哦,错过了“免费”部分。嗯,问题可以这样解决:“找到25个omino的5个分区,其中25个omino被约束到WxH网格,并且对于X =(7,6,6,每个5个分区也是X-omino ,4,2)..”。我想可以在OR-Tools中进行操作,但是闻起来好像只是直接执行CSP回溯深度优先搜索就更容易了:找到可能的25个omino。对于每个可能的25个omino,通过选择一个在25个domino中构建X-omino的X来进行CSP搜索回溯,直到找到完整的解决方案或必须回溯为止。
spinkus

添加了一些内容,例如出于完整性的考虑,我在之前的评论中提到了基于天真的直接搜索的解决方案。
spinkus

5

在OR-Tools中约束简单连接区域的一种相对直接的方法是将其边界约束为电路。如果您所有的多米诺骨牌的大小都小于8,我们就不必担心非简单连接的多米诺骨牌。

此代码找到所有3884解决方案:

from ortools.sat.python import cp_model

cells = {(x, y) for x in range(4) for y in range(4) if x > 1 or y > 0}
sizes = [4, 2, 5, 2, 1]
num_polyominos = len(sizes)
model = cp_model.CpModel()

# Each cell is a member of one polyomino
member = {
    (cell, p): model.NewBoolVar(f"member{cell, p}")
    for cell in cells
    for p in range(num_polyominos)
}
for cell in cells:
    model.Add(sum(member[cell, p] for p in range(num_polyominos)) == 1)

# Each polyomino contains the given number of cells
for p, size in enumerate(sizes):
    model.Add(sum(member[cell, p] for cell in cells) == size)

# Find the border of each polyomino
vertices = {
    v: i
    for i, v in enumerate(
        {(x + i, y + j) for x, y in cells for i in [0, 1] for j in [0, 1]}
    )
}
edges = [
    edge
    for x, y in cells
    for edge in [
        ((x, y), (x + 1, y)),
        ((x + 1, y), (x + 1, y + 1)),
        ((x + 1, y + 1), (x, y + 1)),
        ((x, y + 1), (x, y)),
    ]
]
border = {
    (edge, p): model.NewBoolVar(f"border{edge, p}")
    for edge in edges
    for p in range(num_polyominos)
}
for (((x0, y0), (x1, y1)), p), border_var in border.items():
    left_cell = ((x0 + x1 + y0 - y1) // 2, (y0 + y1 - x0 + x1) // 2)
    right_cell = ((x0 + x1 - y0 + y1) // 2, (y0 + y1 + x0 - x1) // 2)
    left_var = member[left_cell, p]
    model.AddBoolOr([border_var.Not(), left_var])
    if (right_cell, p) in member:
        right_var = member[right_cell, p]
        model.AddBoolOr([border_var.Not(), right_var.Not()])
        model.AddBoolOr([border_var, left_var.Not(), right_var])
    else:
        model.AddBoolOr([border_var, left_var.Not()])

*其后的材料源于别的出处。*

(* Let $a,d\in\mathbb N$ and let $\chi\in M(d)_\mathbb R$ be strictly dominant with $\chi\in\mathbf V^a(1,d)$. Then there exists a unique integer $0\le e\le d$ such that \[ \chi=\sum_{j<i\le e}c_{ij}(\beta_i-\beta_j)+\sum_{e<j<i}c_{ij}(\beta_i-\beta_j)+\sum_{j\le e<i}\tfrac32(\beta_i-\beta_j)+\sum_{1\le i\le d}c_i\beta_i \] for some real numbers with $0\le c_{ij}\le\frac32$ for $j<i$, $-\frac{a+2}{2}\le c_i\le-\frac a2$ for $i\le e$, and $-\frac a2<c_i\le\frac a2$ for $i>e$. Equivalently, with $f:=d-e$, \[ \chi\in\Big(-\tfrac{a+3f}{2}\sigma_e+\mathbf V(e)\Big)+\Big(\tfrac{3e}{2}\sigma_f+\mathbf W^a(1,f)\Big), \] where $M(e)\oplus M(f)$ is identified with $M(d)$ via the first $e$ and the last $f$ coordinates.
   Context: $M(n)$ is the character lattice of the diagonal torus of $GL(n)$ with coordinate characters $\beta_1,\dots,\beta_n$; $\chi=\sum b_i\beta_i$ is strictly dominant if $b_1<\dots<b_n$. $\sigma_n=\sum_i\beta_i$. Minkowski sums below run over all $1\le i,j\le n$ and $1\le k\le n$: $\mathbf V(n):=\frac32\mathrm{sum}[0,\beta_i-\beta_j]+\mathrm{sum}[-\beta_k,0]$; $\mathbf W^a(1,n):=\frac32\mathrm{sum}[0,\beta_i-\beta_j]+\frac a2\mathrm{sum}(-\beta_k,\beta_k]$ (half-open segments); $\mathbf V^a(1,n):=\frac32\mathrm{sum}[0,\beta_i-\beta_j]+\frac a2\mathrm{sum}[-\beta_k,\beta_k]+\mathrm{sum}[-\beta_k,0]$. *)

theory Defs
  imports Main "HOL-Library.Set_Algebras" Complex_Main
begin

# Each border is a circuit
for p in range(num_polyominos):
    model.AddCircuit(
        [(vertices[v0], vertices[v1], border[(v0, v1), p]) for v0, v1 in edges]
        + [(i, i, model.NewBoolVar(f"vertex_loop{v, p}")) for v, i in vertices.items()]
    )

# Print all solutions
x_range = range(min(x for x, y in cells), max(x for x, y in cells) + 1)
y_range = range(min(y for x, y in cells), max(y for x, y in cells) + 1)
solutions = 0


class SolutionPrinter(cp_model.CpSolverSolutionCallback):
    def OnSolutionCallback(self):
        global solutions
        solutions += 1
        for y in y_range:
            print(
                *(
                    next(
                        p
                        for p in range(num_polyominos)
                        if self.Value(member[(x, y), p])
                    )
                    if (x, y) in cells
                    else "-"
                    for x in x_range
                )
            )
        print()


solver = cp_model.CpSolver()
solver.SearchForAllSolutions(model, SolutionPrinter())
print("Number of solutions found:", solutions)

4

对于每个polyonomino和每个可能的左上角单元格,都有一个布尔变量,指示该单元格是否是封闭矩形的左上角部分。

对于每个单元格和每个多米诺骨牌,您都有一个布尔变量,指示该单元格是否被该多米诺骨牌占据。

现在,对于每个单元格和每个多米诺骨牌,您都有一系列含义:选择左上角的单元格意味着每个单元格实际上都被该多米诺骨牌占据。

然后是约束:对于每个单元,每个多胺最多容纳一个多胺,它的左上部分就是一个单元。

这是一个纯粹的布尔问题。


非常感谢你的回复 !老实说,我不知道如何使用or-tools来实现这一点,您是否建议(从提供的可用python示例中)提供任何示例来帮助我入门?
solub

非常抱歉,因为我不太了解您的答案。不确定“封闭的矩形”是指什么,或者“对于每个单元格和每个多义胺”将如何在代码中翻译(嵌套“ for”循环?)。无论如何,您介意告诉我您的解释是否解决了游离多氨基酸的问题(为清楚起见,对问题进行了编辑)。
solub
By using our site, you acknowledge that you have read and understand our Cookie Policy and Privacy Policy.
Licensed under cc by-sa 3.0 with attribution required.